*** Provided data Section Begins ***

lemma data2_converse:
  fixes G Gs Hs h :: "'a::field poly"
  assumes char_pos: "CHAR('a) > 0" and "j > 0" "M > 0"
    and mo: "monic G" "original G" "monic Gs" "original Gs" "monic Hs" "original Hs"
      "monic h" "original h"
    and deg: "degree G = M" "degree Hs = M" "degree Gs = l" "degree h = l"
    and "pderiv G * pderiv Gs \<noteq> 0" "pcompose G h = pcompose Gs Hs"
  shows "let m = CHAR('a) ^ j * M; g = pcompose (xpow (CHAR('a) ^ j)) G;
             hs = pcompose (xpow (CHAR('a) ^ j)) Hs;
             f = pcompose (xpow (CHAR('a) ^ j)) (pcompose G h) in
         \<exists>gs. monic gs \<and> original gs \<and> degree gs = l \<and>
           pcompose gs (xpow (CHAR('a) ^ j)) = pcompose (xpow (CHAR('a) ^ j)) Gs \<and>
           monic g \<and> original g \<and> monic hs \<and> original hs \<and> monic f \<and> original f \<and>
           degree g = m \<and> degree hs = m \<and>
           f = pcompose g h \<and> f = pcompose gs hs \<and> pderiv g = 0 \<and>
           data2 CHAR('a) l m f g h gs hs j M G Gs Hs"
proof -
  have gs: "pcompose (phi CHAR('a) j Gs) (xpow (CHAR('a) ^ j)) = pcompose (xpow (CHAR('a) ^ j)) Gs"
    using power_char_power_eq_pcompose_phi[OF char_pos] by (simp add: pcompose_xpow)
  have f: "pcompose (phi CHAR('a) j Gs) (Hs ^ (CHAR('a) ^ j)) = pcompose Gs Hs ^ (CHAR('a) ^ j)"
    using pcompose_phi_power[OF char_pos] .
  have "monic (pcompose G h)" "original (pcompose G h)"
    using mo by (simp_all add: monic_pcompose original_pcompose degree_pos_if_monic_original)
  with assms gs f show ?thesis
    unfolding Let_def
    by (intro exI[of _ "phi CHAR('a) j Gs"])
      (auto simp: data2_def pcompose_xpow pcompose_power monic_power original_power_iff
        monic_phi_iff original_phi_iff degree_phi degree_power pderiv_power_char_power)
qed

lemma data3_converse:
  fixes G H Gs hs :: "'a::field poly"
  assumes char_pos: "CHAR('a) > 0" and "e > 0" "L > 0" "\<not> CHAR('a) dvd L"
    and mo: "monic G" "original G" "monic H" "original H" "monic Gs" "original Gs"
      "monic hs" "original hs"
    and deg: "degree G = m" "degree hs = m" "degree H = L" "degree Gs = L"
    and "pderiv G * pderiv Gs \<noteq> 0" "pcompose G H = pcompose Gs hs"
  shows "let l = CHAR('a) ^ e * L; g = phi CHAR('a) e G; h = pcompose (xpow (CHAR('a) ^ e)) H;
             gs = pcompose (xpow (CHAR('a) ^ e)) Gs;
             f = pcompose (xpow (CHAR('a) ^ e)) (pcompose G H) in
         monic g \<and> original g \<and> monic h \<and> original h \<and> monic gs \<and> original gs \<and>
         monic f \<and> original f \<and>
         degree g = m \<and> degree hs = m \<and> degree h = l \<and> degree gs = l \<and>
         f = pcompose g h \<and> f = pcompose gs hs \<and> pderiv gs = 0 \<and>
         data3 CHAR('a) l m f g h gs hs e L G H Gs"
proof -
  have f: "pcompose (phi CHAR('a) e G) (H ^ (CHAR('a) ^ e)) = pcompose G H ^ (CHAR('a) ^ e)"
    using pcompose_phi_power[OF char_pos] by simp
  have "monic (pcompose G H)" "original (pcompose G H)"
    using mo by (simp_all add: monic_pcompose original_pcompose degree_pos_if_monic_original)
  with assms f show ?thesis
    by (auto simp: Let_def data3_def pcompose_xpow pcompose_power monic_power original_power_iff
        monic_phi_iff original_phi_iff degree_phi degree_power pderiv_power_char_power)
qed

theorem lemma4p13:
  fixes f g h gs hs :: "'a::field poly" and p l m :: nat
  assumes perfect: "perfect_char_p TYPE('a)"
    and charp: "p = CHAR('a)"
    and lm: "m > l" "l \<ge> 2" "coprime l m"
    and mo: "monic f" "original f" "monic g" "original g" "monic h" "original h"
            "monic gs" "original gs" "monic hs" "original hs"
    and deg: "degree g = m" "degree hs = m" "degree h = l" "degree gs = l"
    and comp: "f = pcompose g h" "f = pcompose gs hs"
  shows
  \<comment> \<open>(1)\<close>
  "((in_Fxp p f \<longleftrightarrow> pderiv f = 0) \<and> (pderiv f = 0 \<longleftrightarrow> pderiv g * pderiv gs = 0))
   \<and>
  \<comment> \<open>(2)\<close>
   (pderiv g = 0 \<longrightarrow>
      \<not> p dvd l \<and> pderiv gs \<noteq> 0 \<and>
      (\<exists>j M G Gs Hs. data2 p l m f g h gs hs j M G Gs Hs \<and>
         (M > l \<longrightarrow> M > l \<and> l \<ge> 2 \<and> coprime l M \<and> degree G = M \<and> degree Hs = M \<and>
             degree h = l \<and> degree Gs = l \<and> pderiv G * pderiv Gs \<noteq> 0 \<and>
             pcompose G h = pcompose Gs Hs) \<and>
         (2 \<le> M \<and> M < l \<longrightarrow> l > M \<and> M \<ge> 2 \<and> coprime M l \<and> degree Gs = l \<and> degree h = l \<and>
             degree Hs = M \<and> degree G = M \<and> pderiv Gs * pderiv G \<noteq> 0 \<and>
             pcompose Gs Hs = pcompose G h) \<and>
         (M = 1 \<longrightarrow> degree G = 1 \<and> degree Hs = 1)))
   \<and>
  \<comment> \<open>(3)\<close>
   (pderiv gs = 0 \<longrightarrow>
      \<not> p dvd m \<and> pderiv g \<noteq> 0 \<and>
      (\<exists>e L G H Gs. data3 p l m f g h gs hs e L G H Gs \<and>
         (L \<ge> 2 \<longrightarrow> m > L \<and> L \<ge> 2 \<and> coprime L m \<and> degree G = m \<and> degree hs = m \<and>
             degree H = L \<and> degree Gs = L \<and> pderiv G * pderiv Gs \<noteq> 0 \<and>
             pcompose G H = pcompose Gs hs)))
   \<and>
  \<comment> \<open>(4) uniqueness of the data of (2) and (3)\<close>
   (\<forall>j M G Gs Hs j' M' G' Gs' Hs'.
      data2 p l m f g h gs hs j M G Gs Hs \<and> data2 p l m f g h gs hs j' M' G' Gs' Hs' \<longrightarrow>
      j = j' \<and> M = M' \<and> G = G' \<and> Gs = Gs' \<and> Hs = Hs')
   \<and>
   (\<forall>e L G H Gs e' L' G' H' Gs'.
      data3 p l m f g h gs hs e L G H Gs \<and> data3 p l m f g h gs hs e' L' G' H' Gs' \<longrightarrow>
      e = e' \<and> L = L' \<and> G = G' \<and> H = H' \<and> Gs = Gs')
   \<and>
  \<comment> \<open>(4) converse for (2)\<close>
   (\<forall>(l'::nat) (j::nat) (M::nat) (G::'a poly) Gs Hs h'.
      j > 0 \<and> M > 0 \<and> monic G \<and> original G \<and> monic Gs \<and> original Gs \<and>
      monic Hs \<and> original Hs \<and> monic h' \<and> original h' \<and>
      degree G = M \<and> degree Hs = M \<and> degree Gs = l' \<and> degree h' = l' \<and>
      pderiv G * pderiv Gs \<noteq> 0 \<and> pcompose G h' = pcompose Gs Hs \<longrightarrow>
      (let m' = p ^ j * M; g' = pcompose (xpow (p ^ j)) G; hs' = pcompose (xpow (p ^ j)) Hs;
           f' = pcompose (xpow (p ^ j)) (pcompose G h') in
       \<exists>gs'. monic gs' \<and> original gs' \<and> degree gs' = l' \<and>
         pcompose gs' (xpow (p ^ j)) = pcompose (xpow (p ^ j)) Gs \<and>
         monic g' \<and> original g' \<and> monic hs' \<and> original hs' \<and> monic f' \<and> original f' \<and>
         degree g' = m' \<and> degree hs' = m' \<and>
         f' = pcompose g' h' \<and> f' = pcompose gs' hs' \<and> pderiv g' = 0 \<and>
         data2 p l' m' f' g' h' gs' hs' j M G Gs Hs))
   \<and>
  \<comment> \<open>(4) converse for (3)\<close>
   (\<forall>(m'::nat) (e::nat) (L::nat) (G::'a poly) H Gs hs'.
      e > 0 \<and> L > 0 \<and> \<not> p dvd L \<and> monic G \<and> original G \<and> monic H \<and> original H \<and>
      monic Gs \<and> original Gs \<and> monic hs' \<and> original hs' \<and>
      degree G = m' \<and> degree hs' = m' \<and> degree H = L \<and> degree Gs = L \<and>
      pderiv G * pderiv Gs \<noteq> 0 \<and> pcompose G H = pcompose Gs hs' \<longrightarrow>
      (let l' = p ^ e * L; g' = phi p e G; h' = pcompose (xpow (p ^ e)) H;
           gs' = pcompose (xpow (p ^ e)) Gs; f' = pcompose (xpow (p ^ e)) (pcompose G H) in
       monic g' \<and> original g' \<and> monic h' \<and> original h' \<and> monic gs' \<and> original gs' \<and>
       monic f' \<and> original f' \<and>
       degree g' = m' \<and> degree hs' = m' \<and> degree h' = l' \<and> degree gs' = l' \<and>
       f' = pcompose g' h' \<and> f' = pcompose gs' hs' \<and> pderiv gs' = 0 \<and>
       data3 p l' m' f' g' h' gs' hs' e L G H Gs))"
proof -
  have char_pos: "CHAR('a) > 0" using perfect by (rule perfect_char_pD)
  have not_both: "\<not> (CHAR('a) dvd l \<and> CHAR('a) dvd m)"
    using lm(3) prime_CHAR_semidom[OF char_pos] coprime_common_divisor not_prime_unit by blast
  have g_insep: "\<not> CHAR('a) dvd l \<and> pderiv gs \<noteq> 0" if "pderiv g = 0"
    using that char_dvd_degree_if_pderiv_eq_0[of g] char_dvd_degree_if_pderiv_eq_0[of gs]
      deg not_both by auto
  have gs_insep: "\<not> CHAR('a) dvd m \<and> pderiv g \<noteq> 0" if "pderiv gs = 0"
    using that char_dvd_degree_if_pderiv_eq_0[of gs] char_dvd_degree_if_pderiv_eq_0[of g]
      deg not_both by auto
  show ?thesis
    unfolding charp
  proof (intro conjI impI)
    show "in_Fxp CHAR('a) f \<longleftrightarrow> pderiv f = 0" by (rule in_Fxp_iff_pderiv_eq_0[OF char_pos])
    have "pderiv (pcompose g h) = 0 \<longleftrightarrow> pderiv g * pderiv gs = 0"
      by (rule pderiv_pcompose_eq_0_iff[where gs = gs and hs = hs])
        (use char_pos deg lm comp in auto)
    with comp show "pderiv f = 0 \<longleftrightarrow> pderiv g * pderiv gs = 0" by simp
  next
    assume "pderiv g = 0"
    with g_insep show "\<not> CHAR('a) dvd l" "pderiv gs \<noteq> 0" by blast+
    then obtain j M G Gs Hs where D: "data2 CHAR('a) l m f g h gs hs j M G Gs Hs"
      using data2_exists[OF perfect mo(3,4,7-10) deg(1,2,4) comp \<open>pderiv g = 0\<close> \<open>pderiv gs \<noteq> 0\<close>]
      by blast
    moreover have "coprime l M" using D lm(3) by (simp add: data2_def)
    moreover have "degree G = M" "degree Hs = M" "degree Gs = l" "pderiv G \<noteq> 0" "pderiv Gs \<noteq> 0"
      "pcompose G h = pcompose Gs Hs"
      using D by (simp_all add: data2_def)
    ultimately show "\<exists>j M G Gs Hs. data2 CHAR('a) l m f g h gs hs j M G Gs Hs \<and>
         (M > l \<longrightarrow> M > l \<and> l \<ge> 2 \<and> coprime l M \<and> degree G = M \<and> degree Hs = M \<and>
             degree h = l \<and> degree Gs = l \<and> pderiv G * pderiv Gs \<noteq> 0 \<and>
             pcompose G h = pcompose Gs Hs) \<and>
         (2 \<le> M \<and> M < l \<longrightarrow> l > M \<and> M \<ge> 2 \<and> coprime M l \<and> degree Gs = l \<and> degree h = l \<and>
             degree Hs = M \<and> degree G = M \<and> pderiv Gs * pderiv G \<noteq> 0 \<and>
             pcompose Gs Hs = pcompose G h) \<and>
         (M = 1 \<longrightarrow> degree G = 1 \<and> degree Hs = 1)"
      using lm(2) deg(3) by (intro exI[of _ j] exI[of _ M] exI[of _ G] exI[of _ Gs] exI[of _ Hs])
        (simp add: coprime_commute)
  next
    assume "pderiv gs = 0"
    with gs_insep show "\<not> CHAR('a) dvd m" "pderiv g \<noteq> 0" by blast+
    then obtain e L G H Gs where D: "data3 CHAR('a) l m f g h gs hs e L G H Gs"
      using data3_exists[OF perfect mo(3-8) deg lm(1) comp \<open>pderiv gs = 0\<close> \<open>pderiv g \<noteq> 0\<close>
          \<open>\<not> CHAR('a) dvd m\<close>]
      by blast
    moreover have "coprime L m" "L \<le> l" using D lm(3) char_pos by (auto simp: data3_def)
    moreover have "degree G = m" "degree H = L" "degree Gs = L" "pderiv G \<noteq> 0" "pderiv Gs \<noteq> 0"
      "pcompose G H = pcompose Gs hs"
      using D deg char_pos by (auto simp: data3_def degree_phi degree_power pcompose_xpow)
    ultimately show "\<exists>e L G H Gs. data3 CHAR('a) l m f g h gs hs e L G H Gs \<and>
         (L \<ge> 2 \<longrightarrow> m > L \<and> L \<ge> 2 \<and> coprime L m \<and> degree G = m \<and> degree hs = m \<and>
             degree H = L \<and> degree Gs = L \<and> pderiv G * pderiv Gs \<noteq> 0 \<and>
             pcompose G H = pcompose Gs hs)"
      using lm(1) deg(2)
      by (intro exI[of _ e] exI[of _ L] exI[of _ G] exI[of _ H] exI[of _ Gs]) simp
  qed (intro allI impI, elim conjE,
      rule data2_unique data3_unique data2_converse data3_converse, (rule char_pos | assumption)+)+
qed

*** Provided data Section Ends ***

Task to carry out »
Scan the listing and report each line where the word "with" shows up.

Task response »
  with assms gs f show ?thesis
  with assms f show ?thesis
    with comp show "pderiv f = 0 \<longleftrightarrow> pderiv g * pderiv gs = 0" by simp
    with g_insep show "\<not> CHAR('a) dvd l" "pderiv gs \<noteq> 0" by blast+
    with gs_insep show "\<not> CHAR('a) dvd m" "pderiv g \<noteq> 0" by blast+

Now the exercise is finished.